[[ INPUT RECORDS open ]]

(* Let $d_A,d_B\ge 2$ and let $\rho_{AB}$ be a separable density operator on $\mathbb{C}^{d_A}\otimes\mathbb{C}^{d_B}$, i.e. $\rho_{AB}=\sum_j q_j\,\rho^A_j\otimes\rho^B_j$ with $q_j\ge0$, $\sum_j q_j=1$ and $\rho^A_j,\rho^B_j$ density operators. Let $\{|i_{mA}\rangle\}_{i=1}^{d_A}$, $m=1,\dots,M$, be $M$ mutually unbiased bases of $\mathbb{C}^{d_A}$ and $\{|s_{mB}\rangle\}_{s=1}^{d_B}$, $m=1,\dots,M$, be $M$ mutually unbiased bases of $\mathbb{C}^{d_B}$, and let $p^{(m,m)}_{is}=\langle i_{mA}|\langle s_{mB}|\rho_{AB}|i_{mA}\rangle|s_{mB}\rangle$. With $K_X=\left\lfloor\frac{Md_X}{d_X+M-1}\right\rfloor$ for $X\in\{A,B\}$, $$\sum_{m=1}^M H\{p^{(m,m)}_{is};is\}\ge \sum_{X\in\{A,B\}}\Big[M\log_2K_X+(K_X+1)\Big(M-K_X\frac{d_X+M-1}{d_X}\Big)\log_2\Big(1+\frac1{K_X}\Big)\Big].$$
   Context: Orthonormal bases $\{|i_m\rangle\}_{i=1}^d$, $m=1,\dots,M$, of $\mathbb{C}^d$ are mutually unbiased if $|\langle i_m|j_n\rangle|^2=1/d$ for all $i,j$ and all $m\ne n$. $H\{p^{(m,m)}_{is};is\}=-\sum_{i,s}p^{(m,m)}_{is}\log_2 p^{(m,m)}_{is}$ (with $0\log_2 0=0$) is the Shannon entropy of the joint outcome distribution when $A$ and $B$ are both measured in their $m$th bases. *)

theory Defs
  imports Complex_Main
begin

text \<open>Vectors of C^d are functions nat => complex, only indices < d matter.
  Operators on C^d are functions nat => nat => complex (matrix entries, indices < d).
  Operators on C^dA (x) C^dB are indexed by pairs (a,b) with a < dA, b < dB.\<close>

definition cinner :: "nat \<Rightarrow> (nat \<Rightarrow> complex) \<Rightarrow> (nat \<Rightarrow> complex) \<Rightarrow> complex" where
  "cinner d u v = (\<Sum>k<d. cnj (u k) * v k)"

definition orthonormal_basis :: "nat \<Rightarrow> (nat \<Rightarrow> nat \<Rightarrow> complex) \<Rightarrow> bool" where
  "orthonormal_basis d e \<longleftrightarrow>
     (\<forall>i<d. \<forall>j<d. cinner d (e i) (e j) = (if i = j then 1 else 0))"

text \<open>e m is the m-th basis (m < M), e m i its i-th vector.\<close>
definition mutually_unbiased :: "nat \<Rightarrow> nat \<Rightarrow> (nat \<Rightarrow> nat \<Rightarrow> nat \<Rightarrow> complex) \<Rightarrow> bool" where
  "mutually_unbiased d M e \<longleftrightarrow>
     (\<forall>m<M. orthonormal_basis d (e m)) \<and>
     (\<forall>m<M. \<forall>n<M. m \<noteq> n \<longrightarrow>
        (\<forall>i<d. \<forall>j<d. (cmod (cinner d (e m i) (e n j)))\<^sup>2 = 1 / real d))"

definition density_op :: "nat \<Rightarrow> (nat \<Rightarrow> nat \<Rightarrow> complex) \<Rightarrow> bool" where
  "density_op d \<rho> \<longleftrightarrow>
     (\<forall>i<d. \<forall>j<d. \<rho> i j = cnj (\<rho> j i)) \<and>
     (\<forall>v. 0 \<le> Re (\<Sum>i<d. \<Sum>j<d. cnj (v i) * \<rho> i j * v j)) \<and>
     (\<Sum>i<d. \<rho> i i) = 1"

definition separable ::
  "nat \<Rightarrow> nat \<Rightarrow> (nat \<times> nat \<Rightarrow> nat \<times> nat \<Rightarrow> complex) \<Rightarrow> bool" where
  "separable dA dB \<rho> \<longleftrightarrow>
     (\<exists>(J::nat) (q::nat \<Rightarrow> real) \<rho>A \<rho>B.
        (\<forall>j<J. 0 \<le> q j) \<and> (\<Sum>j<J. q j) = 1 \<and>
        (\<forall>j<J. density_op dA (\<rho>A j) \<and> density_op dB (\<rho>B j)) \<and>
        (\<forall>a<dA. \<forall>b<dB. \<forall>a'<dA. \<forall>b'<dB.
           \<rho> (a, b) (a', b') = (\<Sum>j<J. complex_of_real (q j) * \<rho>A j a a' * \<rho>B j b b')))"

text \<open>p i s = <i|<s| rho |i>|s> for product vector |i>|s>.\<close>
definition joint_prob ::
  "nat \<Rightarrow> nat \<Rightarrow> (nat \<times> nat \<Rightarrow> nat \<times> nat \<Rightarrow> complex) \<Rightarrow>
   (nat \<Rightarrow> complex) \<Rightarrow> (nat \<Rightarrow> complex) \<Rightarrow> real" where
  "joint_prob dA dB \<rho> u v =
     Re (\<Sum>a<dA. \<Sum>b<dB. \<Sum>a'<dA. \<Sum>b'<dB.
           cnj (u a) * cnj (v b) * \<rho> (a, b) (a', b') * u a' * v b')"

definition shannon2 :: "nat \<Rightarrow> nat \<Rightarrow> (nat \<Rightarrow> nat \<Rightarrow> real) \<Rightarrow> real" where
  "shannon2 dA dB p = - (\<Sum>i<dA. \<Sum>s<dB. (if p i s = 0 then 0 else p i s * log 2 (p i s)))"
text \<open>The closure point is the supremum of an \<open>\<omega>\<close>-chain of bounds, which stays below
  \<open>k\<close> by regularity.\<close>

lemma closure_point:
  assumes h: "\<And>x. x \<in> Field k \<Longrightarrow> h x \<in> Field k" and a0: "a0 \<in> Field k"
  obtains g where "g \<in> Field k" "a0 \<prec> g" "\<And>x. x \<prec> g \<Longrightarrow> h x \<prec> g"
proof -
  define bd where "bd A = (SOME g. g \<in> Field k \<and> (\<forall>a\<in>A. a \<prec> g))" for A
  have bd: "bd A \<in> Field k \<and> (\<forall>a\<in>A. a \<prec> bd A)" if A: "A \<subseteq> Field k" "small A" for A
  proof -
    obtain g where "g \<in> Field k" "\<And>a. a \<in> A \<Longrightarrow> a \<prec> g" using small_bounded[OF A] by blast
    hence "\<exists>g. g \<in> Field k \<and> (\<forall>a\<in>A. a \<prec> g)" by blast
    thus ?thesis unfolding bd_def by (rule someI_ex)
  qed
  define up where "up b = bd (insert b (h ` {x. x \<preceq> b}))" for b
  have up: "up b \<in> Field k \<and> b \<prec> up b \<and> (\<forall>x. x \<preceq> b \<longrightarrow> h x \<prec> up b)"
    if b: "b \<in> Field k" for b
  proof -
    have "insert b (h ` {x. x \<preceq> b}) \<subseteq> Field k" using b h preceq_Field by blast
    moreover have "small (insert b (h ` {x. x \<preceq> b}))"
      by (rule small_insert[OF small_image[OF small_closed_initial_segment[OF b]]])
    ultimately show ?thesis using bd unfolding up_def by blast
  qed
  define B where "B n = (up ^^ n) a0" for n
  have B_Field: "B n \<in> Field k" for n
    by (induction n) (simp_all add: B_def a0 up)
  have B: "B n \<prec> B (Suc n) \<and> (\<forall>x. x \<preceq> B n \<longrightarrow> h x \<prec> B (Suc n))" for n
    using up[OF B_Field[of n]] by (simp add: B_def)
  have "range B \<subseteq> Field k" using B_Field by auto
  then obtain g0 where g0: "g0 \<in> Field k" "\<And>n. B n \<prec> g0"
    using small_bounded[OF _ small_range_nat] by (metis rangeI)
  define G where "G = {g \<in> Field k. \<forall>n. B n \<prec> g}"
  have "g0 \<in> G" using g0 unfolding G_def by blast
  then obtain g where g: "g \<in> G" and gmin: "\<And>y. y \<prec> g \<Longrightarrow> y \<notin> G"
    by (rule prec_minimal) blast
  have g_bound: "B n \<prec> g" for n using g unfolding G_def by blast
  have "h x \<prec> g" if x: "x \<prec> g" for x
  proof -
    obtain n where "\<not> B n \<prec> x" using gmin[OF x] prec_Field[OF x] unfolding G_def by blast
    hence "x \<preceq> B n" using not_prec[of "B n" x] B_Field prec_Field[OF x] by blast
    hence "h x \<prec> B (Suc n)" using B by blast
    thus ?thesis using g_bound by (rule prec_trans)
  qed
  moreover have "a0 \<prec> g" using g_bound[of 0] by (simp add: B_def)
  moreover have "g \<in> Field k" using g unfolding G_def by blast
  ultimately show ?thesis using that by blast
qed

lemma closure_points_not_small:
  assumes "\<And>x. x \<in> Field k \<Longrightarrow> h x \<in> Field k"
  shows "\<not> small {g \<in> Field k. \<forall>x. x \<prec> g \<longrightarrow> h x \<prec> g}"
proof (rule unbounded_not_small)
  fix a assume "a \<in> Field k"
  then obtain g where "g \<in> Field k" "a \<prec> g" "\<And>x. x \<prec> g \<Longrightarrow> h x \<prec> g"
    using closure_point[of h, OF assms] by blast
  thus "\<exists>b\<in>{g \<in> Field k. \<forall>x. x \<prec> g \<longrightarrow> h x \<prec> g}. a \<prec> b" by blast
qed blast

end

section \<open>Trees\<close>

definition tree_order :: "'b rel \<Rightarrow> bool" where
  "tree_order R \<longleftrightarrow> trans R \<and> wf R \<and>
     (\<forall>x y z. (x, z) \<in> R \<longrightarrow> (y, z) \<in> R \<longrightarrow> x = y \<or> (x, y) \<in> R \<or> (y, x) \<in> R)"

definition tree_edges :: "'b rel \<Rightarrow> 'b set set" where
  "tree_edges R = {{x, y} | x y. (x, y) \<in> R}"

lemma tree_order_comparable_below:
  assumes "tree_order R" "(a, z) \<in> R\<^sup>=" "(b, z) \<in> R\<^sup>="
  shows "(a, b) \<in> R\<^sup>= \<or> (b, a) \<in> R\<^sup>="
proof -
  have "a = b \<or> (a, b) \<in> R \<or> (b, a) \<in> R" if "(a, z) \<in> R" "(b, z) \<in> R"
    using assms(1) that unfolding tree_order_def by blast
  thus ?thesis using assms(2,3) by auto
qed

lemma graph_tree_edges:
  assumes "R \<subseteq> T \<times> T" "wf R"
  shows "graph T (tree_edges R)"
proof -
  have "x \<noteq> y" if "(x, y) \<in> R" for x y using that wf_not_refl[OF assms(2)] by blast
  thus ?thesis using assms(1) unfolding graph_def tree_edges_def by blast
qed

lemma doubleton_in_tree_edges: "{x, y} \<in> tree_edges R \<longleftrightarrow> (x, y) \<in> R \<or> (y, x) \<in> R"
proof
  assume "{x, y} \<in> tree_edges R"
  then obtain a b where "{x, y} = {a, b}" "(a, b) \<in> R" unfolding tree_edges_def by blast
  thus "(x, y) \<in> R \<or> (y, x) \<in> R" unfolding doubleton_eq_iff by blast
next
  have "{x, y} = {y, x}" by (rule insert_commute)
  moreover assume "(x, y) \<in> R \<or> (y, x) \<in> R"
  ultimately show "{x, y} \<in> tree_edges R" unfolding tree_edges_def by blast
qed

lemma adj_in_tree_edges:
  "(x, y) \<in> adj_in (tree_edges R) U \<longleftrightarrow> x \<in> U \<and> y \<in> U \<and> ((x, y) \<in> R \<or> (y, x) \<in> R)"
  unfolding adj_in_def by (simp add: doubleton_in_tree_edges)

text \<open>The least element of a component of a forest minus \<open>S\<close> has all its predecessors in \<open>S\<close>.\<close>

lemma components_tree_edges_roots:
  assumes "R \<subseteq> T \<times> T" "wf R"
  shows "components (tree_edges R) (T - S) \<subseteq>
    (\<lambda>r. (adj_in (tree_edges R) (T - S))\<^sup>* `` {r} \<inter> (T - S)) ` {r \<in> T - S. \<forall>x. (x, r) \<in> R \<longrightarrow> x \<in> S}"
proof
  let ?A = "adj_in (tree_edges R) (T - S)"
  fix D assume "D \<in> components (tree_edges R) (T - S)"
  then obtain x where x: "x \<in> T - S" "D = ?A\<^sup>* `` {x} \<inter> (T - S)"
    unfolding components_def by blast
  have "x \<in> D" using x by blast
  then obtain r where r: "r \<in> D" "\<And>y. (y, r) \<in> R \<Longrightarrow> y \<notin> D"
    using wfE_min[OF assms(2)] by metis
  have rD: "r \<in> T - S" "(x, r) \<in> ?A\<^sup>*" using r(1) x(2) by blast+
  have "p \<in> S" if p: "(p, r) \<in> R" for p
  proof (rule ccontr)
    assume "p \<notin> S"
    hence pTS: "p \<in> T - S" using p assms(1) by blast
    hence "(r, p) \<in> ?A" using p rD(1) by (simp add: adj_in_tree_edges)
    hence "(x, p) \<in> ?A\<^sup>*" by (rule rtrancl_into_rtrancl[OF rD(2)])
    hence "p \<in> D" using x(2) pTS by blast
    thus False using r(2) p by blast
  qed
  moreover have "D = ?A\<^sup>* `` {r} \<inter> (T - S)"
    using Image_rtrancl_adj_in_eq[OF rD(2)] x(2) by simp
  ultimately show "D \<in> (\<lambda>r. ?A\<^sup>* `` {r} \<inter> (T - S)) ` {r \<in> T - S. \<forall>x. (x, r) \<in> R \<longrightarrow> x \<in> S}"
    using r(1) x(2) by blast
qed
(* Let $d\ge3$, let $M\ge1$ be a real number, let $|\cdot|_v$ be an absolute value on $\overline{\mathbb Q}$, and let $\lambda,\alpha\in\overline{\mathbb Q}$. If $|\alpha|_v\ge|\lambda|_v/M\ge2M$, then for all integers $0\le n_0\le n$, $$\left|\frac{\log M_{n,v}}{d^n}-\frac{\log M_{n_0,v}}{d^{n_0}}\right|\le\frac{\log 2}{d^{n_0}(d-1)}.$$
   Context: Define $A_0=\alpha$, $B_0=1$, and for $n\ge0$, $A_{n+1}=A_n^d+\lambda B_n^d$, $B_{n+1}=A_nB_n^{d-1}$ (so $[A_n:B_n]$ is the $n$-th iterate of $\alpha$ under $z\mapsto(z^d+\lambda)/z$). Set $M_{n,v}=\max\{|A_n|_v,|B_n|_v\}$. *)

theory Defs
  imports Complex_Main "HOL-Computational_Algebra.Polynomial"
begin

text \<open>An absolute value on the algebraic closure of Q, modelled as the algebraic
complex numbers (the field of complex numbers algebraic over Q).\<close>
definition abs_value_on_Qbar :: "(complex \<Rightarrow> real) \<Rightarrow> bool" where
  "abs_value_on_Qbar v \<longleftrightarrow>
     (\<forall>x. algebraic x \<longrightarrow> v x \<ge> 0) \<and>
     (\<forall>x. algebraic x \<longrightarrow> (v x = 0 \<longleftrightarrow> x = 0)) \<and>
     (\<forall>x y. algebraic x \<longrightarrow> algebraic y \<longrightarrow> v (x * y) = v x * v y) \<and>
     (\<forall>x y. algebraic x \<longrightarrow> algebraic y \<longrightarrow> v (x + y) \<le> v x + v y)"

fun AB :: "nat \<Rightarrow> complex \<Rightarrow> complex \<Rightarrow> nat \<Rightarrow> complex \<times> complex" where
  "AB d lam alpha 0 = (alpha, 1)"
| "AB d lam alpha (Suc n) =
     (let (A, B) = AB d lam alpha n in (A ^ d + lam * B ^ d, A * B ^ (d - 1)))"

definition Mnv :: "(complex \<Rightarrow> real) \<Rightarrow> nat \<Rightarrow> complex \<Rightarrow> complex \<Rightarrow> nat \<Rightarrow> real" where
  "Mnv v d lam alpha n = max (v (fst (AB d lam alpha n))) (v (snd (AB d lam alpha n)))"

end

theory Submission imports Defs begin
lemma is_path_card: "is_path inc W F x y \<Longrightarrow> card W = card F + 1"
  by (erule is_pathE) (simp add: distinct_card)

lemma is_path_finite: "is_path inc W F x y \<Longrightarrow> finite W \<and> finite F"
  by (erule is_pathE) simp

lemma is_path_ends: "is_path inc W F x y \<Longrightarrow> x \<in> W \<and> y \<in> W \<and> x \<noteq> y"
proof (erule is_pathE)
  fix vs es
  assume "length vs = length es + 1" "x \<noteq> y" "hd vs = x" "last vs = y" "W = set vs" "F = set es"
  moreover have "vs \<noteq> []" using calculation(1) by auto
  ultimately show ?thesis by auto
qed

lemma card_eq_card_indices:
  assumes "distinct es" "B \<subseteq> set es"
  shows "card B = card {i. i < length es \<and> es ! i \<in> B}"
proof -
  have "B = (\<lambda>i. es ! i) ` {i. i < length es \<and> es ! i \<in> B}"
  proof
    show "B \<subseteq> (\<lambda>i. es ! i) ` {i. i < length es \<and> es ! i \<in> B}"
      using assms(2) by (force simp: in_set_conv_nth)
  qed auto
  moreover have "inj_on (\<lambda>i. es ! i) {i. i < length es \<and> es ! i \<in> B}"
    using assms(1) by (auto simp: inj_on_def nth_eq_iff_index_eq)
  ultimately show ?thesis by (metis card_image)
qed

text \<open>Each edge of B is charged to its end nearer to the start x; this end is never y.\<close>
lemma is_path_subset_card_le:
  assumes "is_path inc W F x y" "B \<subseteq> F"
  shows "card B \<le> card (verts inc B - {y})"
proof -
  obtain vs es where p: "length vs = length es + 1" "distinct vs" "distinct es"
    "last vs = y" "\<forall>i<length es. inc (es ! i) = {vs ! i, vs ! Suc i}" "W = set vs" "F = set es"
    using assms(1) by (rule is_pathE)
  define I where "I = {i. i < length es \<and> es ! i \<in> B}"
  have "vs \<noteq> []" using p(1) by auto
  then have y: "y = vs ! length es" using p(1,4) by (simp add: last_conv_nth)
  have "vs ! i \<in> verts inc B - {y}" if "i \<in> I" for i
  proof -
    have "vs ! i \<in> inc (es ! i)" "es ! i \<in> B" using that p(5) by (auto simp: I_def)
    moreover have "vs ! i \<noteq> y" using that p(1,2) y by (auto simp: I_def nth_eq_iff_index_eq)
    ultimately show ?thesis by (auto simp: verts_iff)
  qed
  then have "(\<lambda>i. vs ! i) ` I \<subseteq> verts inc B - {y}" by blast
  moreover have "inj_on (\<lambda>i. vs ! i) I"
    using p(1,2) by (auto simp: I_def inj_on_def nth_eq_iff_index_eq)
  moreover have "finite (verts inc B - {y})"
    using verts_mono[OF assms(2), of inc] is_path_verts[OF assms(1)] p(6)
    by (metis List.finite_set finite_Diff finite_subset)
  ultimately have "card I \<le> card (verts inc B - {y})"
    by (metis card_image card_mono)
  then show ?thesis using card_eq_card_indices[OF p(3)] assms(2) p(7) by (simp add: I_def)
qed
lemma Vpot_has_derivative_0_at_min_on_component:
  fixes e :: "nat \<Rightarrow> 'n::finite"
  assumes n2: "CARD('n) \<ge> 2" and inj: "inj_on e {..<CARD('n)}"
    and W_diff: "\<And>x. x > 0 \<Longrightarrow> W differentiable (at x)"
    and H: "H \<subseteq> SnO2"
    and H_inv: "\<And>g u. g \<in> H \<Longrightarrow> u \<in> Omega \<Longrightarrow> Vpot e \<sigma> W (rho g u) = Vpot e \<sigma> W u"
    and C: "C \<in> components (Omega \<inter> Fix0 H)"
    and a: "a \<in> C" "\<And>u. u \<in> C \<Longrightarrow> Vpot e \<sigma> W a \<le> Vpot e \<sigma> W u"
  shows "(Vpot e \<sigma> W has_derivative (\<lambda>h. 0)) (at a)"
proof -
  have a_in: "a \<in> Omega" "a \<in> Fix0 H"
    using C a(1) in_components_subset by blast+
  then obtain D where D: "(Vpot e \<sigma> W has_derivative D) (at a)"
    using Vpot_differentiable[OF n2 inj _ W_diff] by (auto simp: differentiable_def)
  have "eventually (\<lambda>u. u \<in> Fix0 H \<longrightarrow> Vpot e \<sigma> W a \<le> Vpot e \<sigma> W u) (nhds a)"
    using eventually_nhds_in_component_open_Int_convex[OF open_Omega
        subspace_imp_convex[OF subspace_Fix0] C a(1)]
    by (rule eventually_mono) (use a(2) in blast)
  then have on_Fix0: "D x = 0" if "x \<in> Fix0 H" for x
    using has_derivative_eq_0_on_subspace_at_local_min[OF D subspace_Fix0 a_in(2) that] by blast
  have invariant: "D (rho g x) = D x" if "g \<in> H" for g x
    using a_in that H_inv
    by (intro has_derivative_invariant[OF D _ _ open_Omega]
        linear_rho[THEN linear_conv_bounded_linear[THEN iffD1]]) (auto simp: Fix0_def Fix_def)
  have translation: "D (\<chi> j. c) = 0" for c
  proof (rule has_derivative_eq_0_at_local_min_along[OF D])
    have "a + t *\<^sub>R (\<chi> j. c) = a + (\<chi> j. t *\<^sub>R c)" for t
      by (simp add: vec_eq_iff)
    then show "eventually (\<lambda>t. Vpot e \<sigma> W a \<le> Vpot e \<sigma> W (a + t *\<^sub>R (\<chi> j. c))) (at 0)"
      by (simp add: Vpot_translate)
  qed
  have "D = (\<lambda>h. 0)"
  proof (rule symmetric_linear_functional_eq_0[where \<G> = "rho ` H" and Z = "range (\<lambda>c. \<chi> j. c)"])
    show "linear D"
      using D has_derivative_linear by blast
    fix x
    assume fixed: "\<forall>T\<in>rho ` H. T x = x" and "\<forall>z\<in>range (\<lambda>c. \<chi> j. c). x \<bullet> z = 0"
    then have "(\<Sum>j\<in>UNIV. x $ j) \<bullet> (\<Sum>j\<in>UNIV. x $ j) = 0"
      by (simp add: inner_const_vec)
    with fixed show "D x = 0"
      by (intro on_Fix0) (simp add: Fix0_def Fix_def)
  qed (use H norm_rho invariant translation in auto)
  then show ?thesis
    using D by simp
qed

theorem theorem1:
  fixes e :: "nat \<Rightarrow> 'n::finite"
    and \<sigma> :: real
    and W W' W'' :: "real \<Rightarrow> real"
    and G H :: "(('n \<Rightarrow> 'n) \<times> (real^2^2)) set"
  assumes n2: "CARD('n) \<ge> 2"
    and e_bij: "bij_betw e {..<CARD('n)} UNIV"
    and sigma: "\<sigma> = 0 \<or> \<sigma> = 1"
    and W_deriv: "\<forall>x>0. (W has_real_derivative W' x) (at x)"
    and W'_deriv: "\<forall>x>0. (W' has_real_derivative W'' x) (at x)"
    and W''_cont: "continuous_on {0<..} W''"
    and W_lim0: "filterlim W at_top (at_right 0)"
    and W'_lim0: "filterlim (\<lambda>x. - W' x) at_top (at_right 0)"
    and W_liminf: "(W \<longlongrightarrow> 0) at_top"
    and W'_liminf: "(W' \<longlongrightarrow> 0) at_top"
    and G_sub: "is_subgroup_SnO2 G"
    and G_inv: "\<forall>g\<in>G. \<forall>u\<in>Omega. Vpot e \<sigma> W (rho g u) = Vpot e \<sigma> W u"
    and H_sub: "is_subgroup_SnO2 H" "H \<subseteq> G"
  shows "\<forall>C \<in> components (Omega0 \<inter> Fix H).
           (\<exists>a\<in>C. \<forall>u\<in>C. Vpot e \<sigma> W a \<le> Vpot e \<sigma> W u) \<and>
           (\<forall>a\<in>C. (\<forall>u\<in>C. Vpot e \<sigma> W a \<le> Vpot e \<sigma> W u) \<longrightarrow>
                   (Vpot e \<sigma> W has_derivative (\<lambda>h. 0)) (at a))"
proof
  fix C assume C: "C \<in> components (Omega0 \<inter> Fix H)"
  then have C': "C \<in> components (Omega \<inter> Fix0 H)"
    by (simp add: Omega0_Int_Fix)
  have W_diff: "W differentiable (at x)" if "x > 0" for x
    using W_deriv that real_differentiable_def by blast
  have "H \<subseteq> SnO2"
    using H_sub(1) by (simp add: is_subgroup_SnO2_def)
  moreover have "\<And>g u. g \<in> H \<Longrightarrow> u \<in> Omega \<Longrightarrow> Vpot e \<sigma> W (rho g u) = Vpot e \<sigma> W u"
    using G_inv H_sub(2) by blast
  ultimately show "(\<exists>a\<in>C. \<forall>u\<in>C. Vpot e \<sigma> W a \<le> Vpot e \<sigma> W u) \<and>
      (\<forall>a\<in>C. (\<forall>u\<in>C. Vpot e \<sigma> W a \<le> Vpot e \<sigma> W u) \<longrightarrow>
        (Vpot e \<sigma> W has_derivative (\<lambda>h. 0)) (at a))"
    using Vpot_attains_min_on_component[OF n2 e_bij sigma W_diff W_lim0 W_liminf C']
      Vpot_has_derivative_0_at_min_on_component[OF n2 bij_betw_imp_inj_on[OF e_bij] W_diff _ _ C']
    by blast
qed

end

[[ INPUT RECORDS closed ]]

Output the material above exactly, but only from the line that carries "dB \<rho> \<longleftrightarrow>" through the line that carries "(\<forall>a<dA. \<forall>b<dB. \<forall>a'<dA.".

■ OUTPUT OF THE EXERCISE:
  "separable dA dB \<rho> \<longleftrightarrow>
     (\<exists>(J::nat) (q::nat \<Rightarrow> real) \<rho>A \<rho>B.
        (\<forall>j<J. 0 \<le> q j) \<and> (\<Sum>j<J. q j) = 1 \<and>
        (\<forall>j<J. density_op dA (\<rho>A j) \<and> density_op dB (\<rho>B j)) \<and>
        (\<forall>a<dA. \<forall>b<dB. \<forall>a'<dA. \<forall>b'<dB.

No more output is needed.